- Starring: Mosese Veaila
- Country of origin: New Zealand
- Original language: English

Production
- Production company: Great Southern Television

Original release
- Network: Three
- Release: 18 August – 19 August 2019

= Jonah (2019 miniseries) =

2019 miniseries about Jonah Lomu

Jonah is a 2019 biographical two-part miniseries that chronicles the life, career and death of former All Blacks winger, Jonah Lomu, especially revolving around 1994–1996, the rapid rise and fall of his rugby career. It is directed by Danny Mulherson, and stars Tongan-Kiwi actor Mosese Veaila as the protagonist, Craig Hall as former All Blacks team doctor, Dr. John Mayhew, and Kelson Henderson as Phil Kingsley Jones, Lomu's former manager. It aired on TV Three on August 18 and 19, 2019, and is also available On Demand for one year. It is the first feature-film-length miniseries to feature Tongan dialogues.

== Plot ==

=== Part 1 ===
The story begins in 1996 after Lomu's meteoric rise to the sporting world, where footages of Jonah Lomu trampling Mike Catt marked his first major moment that launched him to international super-stardom. It helped him move his partner, Tanya Rutter, from South Africa to New Zealand, who later became his first wife. However, his immediate playing future in New Zealand is unknown, and with the debut of Super 12, he signed to join Eric Rush back in Auckland Blues. Moments after signing his first contract, Lomu found blood in his urine, which signalled his first sign of his health troubles ahead.

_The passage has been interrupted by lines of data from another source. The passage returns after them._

lemma lin_supp_in_iff:
  assumes u: "u \<in> EV A" and S: "S = {} \<or> (\<exists>c\<in>A. S = down_set A r c)"
  shows "lin A T u \<in> supp_in S \<longleftrightarrow> u \<in> supp_in S"
  using S
proof
  assume "S = {}"
  then have "w \<in> supp_in S \<longleftrightarrow> w = (\<lambda>_. 0)" for w :: "'a \<Rightarrow> 'k"
    unfolding supp_in_def by auto
  moreover have "(\<lambda>_. 0) \<in> EV A" unfolding EV_def by simp
  ultimately show ?thesis
    using bij u lin_zero[of A T] unfolding bij_betw_def inj_on_def by metis
next
  assume "\<exists>c\<in>A. S = down_set A r c"
  then obtain c where c: "c \<in> A" and span: "init_span A r c = (EV A \<inter> supp_in S :: ('a \<Rightarrow> 'k) set)"
    using init_span_down_set by metis
  have "lin A T u \<in> EV A" and inj: "inj_on (lin A T) (EV A)"
    using bij u unfolding bij_betw_def by blast+
  moreover have "lin A T u \<in> init_span A r c \<longleftrightarrow> u \<in> init_span A r c"
  proof
    assume "lin A T u \<in> init_span A r c"
    then obtain u' where u': "u' \<in> init_span A r c" "lin A T u' = lin A T u"
      using image_init_span[OF c] by (metis imageE)
    then have "u' = u" using inj_onD[OF inj u'(2) _ u] unfolding init_span_def by blast
    with u' show "u \<in> init_span A r c" by simp
  qed (use image_init_span[OF c] in blast)
  ultimately have "lin A T u \<in> EV A \<inter> supp_in S \<longleftrightarrow> u \<in> EV A \<inter> supp_in S"
    by (simp only: span)
  with \<open>lin A T u \<in> EV A\<close> u show ?thesis by blast
qed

The movie then had a flashback in South Auckland in 1987, where a rapidly-growing Jonah (12) grew out of his church uniform that he just got from last week, and much like devout Christians, Jonah has been taught to never wander outdoors and play or work on Sabbath Sundays, but their cousin, Drew, managed to lure him away to hang out with his bicycle gang, where Jonah managed to steal a bicycle of his own from a motorbike gang leader. Despite not being the instigator, Jonah was more severely punished as he was the oldest in the family, and his anger and resentment toward his strict father grew. It drove him to join the Crips bicycle gang, which is Drew's gang. However, his first test mission to hide a knife failed, as he was busted by the cops. He also accidentally stabbed himself on the thigh while running into a ditch, and lied about him being attacked by Bloods. However, Semisi still found out, leaving him disappointed and wished he left Jonah in Tonga.

A few days later, Drew was killed in another rivalry gang fight. Days later, Hepi convinced Semisi to send the boys to Wesley College in Pukekohe in 1988, despite them not being able to make ends meet. Throughout his third form, his raw and natural talent for sports was slowly discovered by Mr. Chris Ginter, the college's disciplinary teacher and PE teacher, having gained first place in long jump, discus, javelin, high jump and shot put, despite not entering decathlon outright. He also went on to win the 100m sprint, which gained him positive popularity in the school.

He was recruited to play first XI rugby union in a traditionally rugby union powerhouse, but Jonah initially declined, since Jonah grew up in South Auckland, where touch rugby and rugby league dominates the area. A few months after, he left school grounds without permission to play rugby league for Mt. Wellington U-21, which caused him to be expelled, but later relented since Jonah's home situation is bad.

Jonah started his rugby career as a flanker, lock and No.8 due to his size and strength, but as he learns the difference between the two codes, and gaining respect from the seniors. After a time-skip to 1993, when Jonah became a senior at 18, he was already a try-scoring lock, and already had a taste of Sevens rugby, where his agent and manager, Phil Kingsley Jones, made first promises of his future.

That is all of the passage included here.